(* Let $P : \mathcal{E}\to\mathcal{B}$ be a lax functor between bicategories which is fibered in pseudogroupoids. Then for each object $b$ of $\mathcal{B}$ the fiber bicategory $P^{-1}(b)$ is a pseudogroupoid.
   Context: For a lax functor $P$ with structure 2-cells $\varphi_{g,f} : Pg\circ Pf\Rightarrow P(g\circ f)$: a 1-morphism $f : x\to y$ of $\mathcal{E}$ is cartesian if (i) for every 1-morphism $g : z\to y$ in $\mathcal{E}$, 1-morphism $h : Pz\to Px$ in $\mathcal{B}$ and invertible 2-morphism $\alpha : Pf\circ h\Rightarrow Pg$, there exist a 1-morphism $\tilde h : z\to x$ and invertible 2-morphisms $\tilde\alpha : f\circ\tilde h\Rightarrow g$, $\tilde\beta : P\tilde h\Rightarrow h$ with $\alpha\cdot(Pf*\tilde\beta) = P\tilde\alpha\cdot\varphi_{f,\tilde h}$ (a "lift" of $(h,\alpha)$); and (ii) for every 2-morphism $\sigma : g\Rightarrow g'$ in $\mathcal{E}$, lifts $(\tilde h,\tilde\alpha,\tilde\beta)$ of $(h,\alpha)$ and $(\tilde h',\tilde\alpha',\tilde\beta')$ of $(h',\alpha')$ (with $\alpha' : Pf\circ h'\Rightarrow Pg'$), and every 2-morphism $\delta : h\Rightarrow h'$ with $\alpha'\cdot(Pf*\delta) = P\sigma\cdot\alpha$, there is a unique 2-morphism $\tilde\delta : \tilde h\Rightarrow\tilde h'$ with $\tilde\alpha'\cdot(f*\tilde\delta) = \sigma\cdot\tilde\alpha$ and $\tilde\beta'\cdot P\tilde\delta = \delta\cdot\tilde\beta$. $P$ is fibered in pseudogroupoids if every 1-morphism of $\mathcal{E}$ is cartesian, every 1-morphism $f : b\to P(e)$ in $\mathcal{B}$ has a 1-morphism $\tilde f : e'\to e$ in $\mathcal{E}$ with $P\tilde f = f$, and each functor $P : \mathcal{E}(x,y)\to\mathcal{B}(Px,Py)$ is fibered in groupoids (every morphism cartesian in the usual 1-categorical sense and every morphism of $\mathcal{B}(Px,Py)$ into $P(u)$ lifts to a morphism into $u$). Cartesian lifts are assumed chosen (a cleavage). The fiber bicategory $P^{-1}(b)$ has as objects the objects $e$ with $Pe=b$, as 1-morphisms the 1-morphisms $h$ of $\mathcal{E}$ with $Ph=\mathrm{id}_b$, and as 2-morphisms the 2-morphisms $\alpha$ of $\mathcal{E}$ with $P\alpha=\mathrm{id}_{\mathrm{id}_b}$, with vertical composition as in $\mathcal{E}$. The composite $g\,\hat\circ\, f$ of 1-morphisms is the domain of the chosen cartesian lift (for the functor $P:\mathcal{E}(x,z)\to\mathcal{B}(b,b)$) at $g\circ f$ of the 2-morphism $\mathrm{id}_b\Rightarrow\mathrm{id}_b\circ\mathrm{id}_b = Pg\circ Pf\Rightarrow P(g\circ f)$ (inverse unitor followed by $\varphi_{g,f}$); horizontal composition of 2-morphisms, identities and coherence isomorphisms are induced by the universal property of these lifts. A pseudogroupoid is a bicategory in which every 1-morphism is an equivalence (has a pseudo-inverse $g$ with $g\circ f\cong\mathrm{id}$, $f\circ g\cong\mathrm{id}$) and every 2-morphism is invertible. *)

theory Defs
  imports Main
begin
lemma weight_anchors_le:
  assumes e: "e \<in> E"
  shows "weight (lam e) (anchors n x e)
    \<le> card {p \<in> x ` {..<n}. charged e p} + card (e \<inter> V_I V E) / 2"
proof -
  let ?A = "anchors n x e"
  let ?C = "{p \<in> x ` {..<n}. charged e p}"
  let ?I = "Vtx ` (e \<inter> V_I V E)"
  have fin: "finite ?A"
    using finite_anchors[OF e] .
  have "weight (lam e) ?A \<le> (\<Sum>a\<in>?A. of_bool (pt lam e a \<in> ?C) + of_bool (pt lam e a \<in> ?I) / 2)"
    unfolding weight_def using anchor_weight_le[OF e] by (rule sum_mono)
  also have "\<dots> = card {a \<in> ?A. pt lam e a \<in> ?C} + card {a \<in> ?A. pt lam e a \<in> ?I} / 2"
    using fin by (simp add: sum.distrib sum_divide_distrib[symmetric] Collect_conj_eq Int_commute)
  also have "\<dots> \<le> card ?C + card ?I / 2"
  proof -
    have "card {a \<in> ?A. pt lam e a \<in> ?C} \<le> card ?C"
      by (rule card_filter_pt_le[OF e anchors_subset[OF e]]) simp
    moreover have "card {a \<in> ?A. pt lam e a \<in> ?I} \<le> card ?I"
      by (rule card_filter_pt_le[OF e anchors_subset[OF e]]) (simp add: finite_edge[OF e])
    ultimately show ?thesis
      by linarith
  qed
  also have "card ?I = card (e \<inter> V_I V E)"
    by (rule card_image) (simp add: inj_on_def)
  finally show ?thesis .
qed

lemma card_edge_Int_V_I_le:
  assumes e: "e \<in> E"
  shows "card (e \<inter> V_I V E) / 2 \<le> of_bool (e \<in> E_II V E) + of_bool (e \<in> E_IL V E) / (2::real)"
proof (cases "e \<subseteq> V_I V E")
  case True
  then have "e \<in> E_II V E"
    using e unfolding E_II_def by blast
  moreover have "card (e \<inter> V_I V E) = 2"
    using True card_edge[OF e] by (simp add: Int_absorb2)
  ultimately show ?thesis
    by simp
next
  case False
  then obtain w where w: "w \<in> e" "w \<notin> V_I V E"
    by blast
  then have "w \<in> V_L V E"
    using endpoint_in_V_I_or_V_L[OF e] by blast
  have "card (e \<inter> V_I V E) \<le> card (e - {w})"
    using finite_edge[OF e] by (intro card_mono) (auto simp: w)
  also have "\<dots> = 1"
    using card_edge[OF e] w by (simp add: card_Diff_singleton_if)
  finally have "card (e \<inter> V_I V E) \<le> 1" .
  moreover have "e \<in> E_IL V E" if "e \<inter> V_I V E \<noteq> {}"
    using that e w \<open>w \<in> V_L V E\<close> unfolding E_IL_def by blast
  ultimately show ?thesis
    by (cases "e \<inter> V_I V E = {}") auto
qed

-----

» Task brief
In the listing above, find the line containing "using e unfolding E_II_def by blast" and please quote exactly that line through the last one, and no other lines.

» Your response
    using e unfolding E_II_def by blast
  moreover have "card (e \<inter> V_I V E) = 2"
    using True card_edge[OF e] by (simp add: Int_absorb2)
  ultimately show ?thesis
    by simp
next
  case False
  then obtain w where w: "w \<in> e" "w \<notin> V_I V E"
    by blast
  then have "w \<in> V_L V E"
    using endpoint_in_V_I_or_V_L[OF e] by blast
  have "card (e \<inter> V_I V E) \<le> card (e - {w})"
    using finite_edge[OF e] by (intro card_mono) (auto simp: w)
  also have "\<dots> = 1"
    using card_edge[OF e] w by (simp add: card_Diff_singleton_if)
  finally have "card (e \<inter> V_I V E) \<le> 1" .
  moreover have "e \<in> E_IL V E" if "e \<inter> V_I V E \<noteq> {}"
    using that e w \<open>w \<in> V_L V E\<close> unfolding E_IL_def by blast
  ultimately show ?thesis
    by (cases "e \<inter> V_I V E = {}") auto
qed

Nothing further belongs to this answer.